La serie si definisce antologica perché sul filo dello stesso tema si raccontano storie tutte diverse e con diversi protagonisti, che sono un gruppo di facce note o notissime, viste in molte serie tv di qualità o film e che continueremo a rivedere. Citiamo i nomi più noti: Bill Skarsgård (It), Sarah Snook (la serie Succession), David Costable (la serie Billions), Malin Akerman (Billions anche lei e diversi film), Kingsley Ben-Adir (One Night in Miami). Ideatori della serie sonoWilliam Bridges, che è uno degli autori di Black Mirror e Stranger Things, e Brett Goldstein, noto anche come attore (è nel cast di Ted Lasso, serie Apple Tv da lui anche scritta).

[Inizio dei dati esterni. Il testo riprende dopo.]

(* There is a multi-valued function $F: [0,1] \Rightarrow \mathbb{R}$ such that $F(x)$ is closed for every $x\in[0,1]$, the graph of $F$ is a $\Pi^0_2$ subset of $[0,1]\times\mathbb{R}$, and the set of points of continuity of $F$ is not a $\Pi^0_3$ subset of $[0,1]$.
   Context: A multi-valued function $F: X \Rightarrow Y$ assigns to each $x$ a nonempty set $F(x)\subseteq Y$ and is identified with its graph $\{(x,y): y\in F(x)\}\subseteq X\times Y$. For metric spaces $(X,p),(Y,d)$, $F$ is continuous at $x$ if there is some $y \in F(x)$ such that for every $\varepsilon>0$ there is $\delta>0$ such that for every $x' \in B_p(x,\delta)$ there is $y' \in F(x')$ with $d(y,y')<\varepsilon$. Borel hierarchy: $\Sigma^0_1$ = open; $\Sigma^0_{n+1}$ = countable unions of sets whose complements are $\Sigma^0_k$ for some $k\le n$; $\Pi^0_n$ = complements of $\Sigma^0_n$ sets ($\Pi^0_2=G_\delta$, $\Pi^0_3$ = countable intersections of $F_\sigma$ sets). *)

theory Defs
  imports "HOL-Analysis.Analysis"
begin

text \<open>Boldface Borel hierarchy relative to a topological space T.
  borel_levels n T = (Sigma^0_n sets, union of Pi^0_k sets for 1 <= k <= n).
  Index 0 is unused (empty).\<close>

fun borel_levels :: "nat \<Rightarrow> 'a topology \<Rightarrow> 'a set set \<times> 'a set set" where
  "borel_levels 0 T = ({}, {})"
| "borel_levels (Suc 0) T =
     (Collect (openin T), {topspace T - S | S. openin T S})"
| "borel_levels (Suc (Suc n)) T =
     (let c = snd (borel_levels (Suc n) T);
          s = {\<Union>\<U> | \<U>. countable \<U> \<and> \<U> \<subseteq> c}
      in (s, c \<union> {topspace T - S | S. S \<in> s}))"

Quindi cosa farà, come si comporterà chi si troverà fra le mani il risultato del test? E il test quali dubbi instillerà, quali certezze farà vacillare, quali scontenti acuirà, quali speranze nutrirà? E soprattutto cos'è esattamente l'anima gemella, quel "match" che compare sullo schermo a chi corrisponde, corrisponderà davvero a quello che sognavamo? E i nostri erano sogni o incubi? Non resta che sperimentare, affrontando le conseguenze, o rinunciare e rimanere per sempre nel dubbio. Che vale per tante cose della vita e non solo per l'amore.